Stored items:
§ §

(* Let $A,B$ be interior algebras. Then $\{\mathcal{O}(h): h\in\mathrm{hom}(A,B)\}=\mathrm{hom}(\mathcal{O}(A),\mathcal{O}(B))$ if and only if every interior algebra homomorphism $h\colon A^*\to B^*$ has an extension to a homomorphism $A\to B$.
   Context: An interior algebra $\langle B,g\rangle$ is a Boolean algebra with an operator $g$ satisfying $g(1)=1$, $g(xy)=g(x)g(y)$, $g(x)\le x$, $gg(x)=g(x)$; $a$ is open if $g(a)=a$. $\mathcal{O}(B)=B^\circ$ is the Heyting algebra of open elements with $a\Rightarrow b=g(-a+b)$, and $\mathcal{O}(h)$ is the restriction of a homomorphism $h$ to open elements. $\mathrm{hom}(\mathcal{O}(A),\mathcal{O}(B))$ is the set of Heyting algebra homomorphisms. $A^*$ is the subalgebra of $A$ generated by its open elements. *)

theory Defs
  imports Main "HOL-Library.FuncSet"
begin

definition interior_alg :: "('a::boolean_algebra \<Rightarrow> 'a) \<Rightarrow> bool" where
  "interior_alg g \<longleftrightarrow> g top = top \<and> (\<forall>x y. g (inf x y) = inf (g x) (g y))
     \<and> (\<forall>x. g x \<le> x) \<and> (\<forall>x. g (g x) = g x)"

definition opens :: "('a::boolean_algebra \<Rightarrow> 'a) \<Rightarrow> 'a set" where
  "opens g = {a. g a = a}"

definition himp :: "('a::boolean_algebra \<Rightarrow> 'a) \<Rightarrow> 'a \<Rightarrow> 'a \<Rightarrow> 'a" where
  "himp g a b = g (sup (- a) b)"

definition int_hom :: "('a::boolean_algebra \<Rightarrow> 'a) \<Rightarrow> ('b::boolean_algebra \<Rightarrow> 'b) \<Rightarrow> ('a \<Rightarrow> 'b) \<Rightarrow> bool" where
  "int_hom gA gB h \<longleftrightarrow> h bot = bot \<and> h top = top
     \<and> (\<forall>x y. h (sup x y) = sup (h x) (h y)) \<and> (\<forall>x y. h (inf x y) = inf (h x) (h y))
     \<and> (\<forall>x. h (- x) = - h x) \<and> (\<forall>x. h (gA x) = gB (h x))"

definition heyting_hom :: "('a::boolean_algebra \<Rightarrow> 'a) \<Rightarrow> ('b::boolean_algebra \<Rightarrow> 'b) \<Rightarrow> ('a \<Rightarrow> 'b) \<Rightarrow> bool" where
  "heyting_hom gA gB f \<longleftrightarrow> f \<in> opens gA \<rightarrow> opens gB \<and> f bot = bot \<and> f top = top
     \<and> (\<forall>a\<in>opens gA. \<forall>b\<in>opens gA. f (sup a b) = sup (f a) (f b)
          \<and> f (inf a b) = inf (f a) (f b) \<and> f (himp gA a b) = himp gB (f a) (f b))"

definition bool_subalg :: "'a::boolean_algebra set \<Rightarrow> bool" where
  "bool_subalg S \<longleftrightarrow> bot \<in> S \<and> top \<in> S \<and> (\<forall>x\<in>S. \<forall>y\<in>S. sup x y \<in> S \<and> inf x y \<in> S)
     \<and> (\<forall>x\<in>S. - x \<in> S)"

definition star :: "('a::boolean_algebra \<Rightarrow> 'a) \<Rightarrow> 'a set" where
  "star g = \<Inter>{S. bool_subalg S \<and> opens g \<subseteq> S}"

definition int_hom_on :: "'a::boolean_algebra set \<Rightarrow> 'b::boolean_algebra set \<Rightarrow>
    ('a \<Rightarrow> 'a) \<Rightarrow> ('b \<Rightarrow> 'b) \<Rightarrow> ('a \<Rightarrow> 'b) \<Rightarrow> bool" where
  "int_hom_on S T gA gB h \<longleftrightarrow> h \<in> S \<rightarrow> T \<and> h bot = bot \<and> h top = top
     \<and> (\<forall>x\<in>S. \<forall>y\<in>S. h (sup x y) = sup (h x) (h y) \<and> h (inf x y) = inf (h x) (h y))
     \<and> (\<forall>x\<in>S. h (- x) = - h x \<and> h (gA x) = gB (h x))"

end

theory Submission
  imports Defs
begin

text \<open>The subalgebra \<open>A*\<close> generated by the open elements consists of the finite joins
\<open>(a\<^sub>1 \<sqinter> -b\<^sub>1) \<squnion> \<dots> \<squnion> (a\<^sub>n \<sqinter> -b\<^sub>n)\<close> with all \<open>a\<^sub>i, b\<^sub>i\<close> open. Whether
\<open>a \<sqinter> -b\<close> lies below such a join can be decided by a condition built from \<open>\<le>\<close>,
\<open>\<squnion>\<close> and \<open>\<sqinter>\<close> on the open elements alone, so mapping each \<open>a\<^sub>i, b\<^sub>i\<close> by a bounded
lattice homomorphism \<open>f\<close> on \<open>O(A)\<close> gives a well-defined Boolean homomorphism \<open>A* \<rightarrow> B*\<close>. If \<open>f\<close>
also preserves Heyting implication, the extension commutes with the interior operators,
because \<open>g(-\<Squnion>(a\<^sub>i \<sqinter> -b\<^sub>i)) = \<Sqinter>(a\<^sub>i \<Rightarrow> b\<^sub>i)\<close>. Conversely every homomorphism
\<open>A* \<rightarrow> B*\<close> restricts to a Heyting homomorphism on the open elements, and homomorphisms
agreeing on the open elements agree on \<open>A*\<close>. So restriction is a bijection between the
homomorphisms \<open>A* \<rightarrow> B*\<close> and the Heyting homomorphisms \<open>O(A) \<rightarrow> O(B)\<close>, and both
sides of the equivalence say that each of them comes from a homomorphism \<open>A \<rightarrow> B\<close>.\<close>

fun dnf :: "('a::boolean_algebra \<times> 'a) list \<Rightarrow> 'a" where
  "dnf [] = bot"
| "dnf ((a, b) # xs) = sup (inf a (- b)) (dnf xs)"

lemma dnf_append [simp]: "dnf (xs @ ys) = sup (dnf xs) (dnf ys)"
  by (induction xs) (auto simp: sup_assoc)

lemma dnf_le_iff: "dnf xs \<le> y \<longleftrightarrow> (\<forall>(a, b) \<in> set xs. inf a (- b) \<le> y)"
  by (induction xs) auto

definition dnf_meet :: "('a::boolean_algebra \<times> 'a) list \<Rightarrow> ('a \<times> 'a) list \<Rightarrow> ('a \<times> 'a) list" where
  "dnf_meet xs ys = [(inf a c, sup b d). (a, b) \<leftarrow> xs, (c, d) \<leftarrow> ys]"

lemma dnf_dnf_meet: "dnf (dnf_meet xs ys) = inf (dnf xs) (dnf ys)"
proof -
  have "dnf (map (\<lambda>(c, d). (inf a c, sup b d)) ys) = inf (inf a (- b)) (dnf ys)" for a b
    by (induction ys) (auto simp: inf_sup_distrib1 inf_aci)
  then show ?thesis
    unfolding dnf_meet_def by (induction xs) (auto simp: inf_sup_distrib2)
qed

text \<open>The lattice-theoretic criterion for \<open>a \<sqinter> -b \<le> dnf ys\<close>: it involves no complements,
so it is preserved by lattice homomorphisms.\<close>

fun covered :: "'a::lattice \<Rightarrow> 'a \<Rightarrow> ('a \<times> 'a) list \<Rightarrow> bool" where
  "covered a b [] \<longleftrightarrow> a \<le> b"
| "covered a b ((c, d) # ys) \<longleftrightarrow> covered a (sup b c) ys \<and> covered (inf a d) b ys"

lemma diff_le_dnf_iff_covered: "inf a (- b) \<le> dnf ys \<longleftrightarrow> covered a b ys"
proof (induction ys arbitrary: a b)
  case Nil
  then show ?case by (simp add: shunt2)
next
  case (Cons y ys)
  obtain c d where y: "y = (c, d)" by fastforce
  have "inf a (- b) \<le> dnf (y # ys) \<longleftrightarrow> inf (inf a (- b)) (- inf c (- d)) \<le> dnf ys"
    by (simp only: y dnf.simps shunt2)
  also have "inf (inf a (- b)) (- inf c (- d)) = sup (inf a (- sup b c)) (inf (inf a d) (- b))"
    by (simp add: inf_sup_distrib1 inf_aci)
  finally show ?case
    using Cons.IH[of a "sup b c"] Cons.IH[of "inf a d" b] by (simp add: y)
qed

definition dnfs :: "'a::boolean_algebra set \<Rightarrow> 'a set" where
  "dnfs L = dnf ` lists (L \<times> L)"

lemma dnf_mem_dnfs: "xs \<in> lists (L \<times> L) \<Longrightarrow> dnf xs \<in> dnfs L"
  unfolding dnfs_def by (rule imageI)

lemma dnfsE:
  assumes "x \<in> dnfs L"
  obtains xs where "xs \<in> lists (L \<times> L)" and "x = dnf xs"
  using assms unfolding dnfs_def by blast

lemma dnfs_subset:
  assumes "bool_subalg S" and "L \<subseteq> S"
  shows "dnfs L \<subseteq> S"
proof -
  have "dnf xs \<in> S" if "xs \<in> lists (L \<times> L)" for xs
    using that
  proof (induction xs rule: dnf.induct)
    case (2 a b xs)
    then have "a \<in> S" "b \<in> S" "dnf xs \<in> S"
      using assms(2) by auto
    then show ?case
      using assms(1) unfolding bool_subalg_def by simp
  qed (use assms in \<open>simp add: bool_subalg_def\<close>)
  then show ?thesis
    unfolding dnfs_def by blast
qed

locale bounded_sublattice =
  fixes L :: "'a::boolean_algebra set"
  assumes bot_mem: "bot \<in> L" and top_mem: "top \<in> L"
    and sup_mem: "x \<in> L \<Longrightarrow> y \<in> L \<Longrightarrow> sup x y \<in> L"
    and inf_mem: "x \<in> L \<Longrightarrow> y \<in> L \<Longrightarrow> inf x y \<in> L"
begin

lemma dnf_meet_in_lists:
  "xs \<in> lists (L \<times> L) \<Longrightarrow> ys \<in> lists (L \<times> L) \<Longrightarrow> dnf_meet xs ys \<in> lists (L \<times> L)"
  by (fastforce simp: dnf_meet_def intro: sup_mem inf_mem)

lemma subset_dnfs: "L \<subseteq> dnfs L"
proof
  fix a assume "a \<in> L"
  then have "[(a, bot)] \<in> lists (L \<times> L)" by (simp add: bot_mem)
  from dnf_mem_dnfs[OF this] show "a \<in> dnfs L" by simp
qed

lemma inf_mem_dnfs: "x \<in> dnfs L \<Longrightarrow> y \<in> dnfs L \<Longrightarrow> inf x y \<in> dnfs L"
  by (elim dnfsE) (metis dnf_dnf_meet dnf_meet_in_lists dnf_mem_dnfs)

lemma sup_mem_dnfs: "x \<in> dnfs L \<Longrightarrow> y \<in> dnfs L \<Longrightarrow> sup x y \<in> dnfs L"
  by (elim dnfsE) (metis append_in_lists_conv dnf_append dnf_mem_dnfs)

§ §

- _What to do_:
Extract every line above that contains the word "rule".

- _Task response_:
  unfolding dnfs_def by (rule imageI)
  proof (induction xs rule: dnf.induct)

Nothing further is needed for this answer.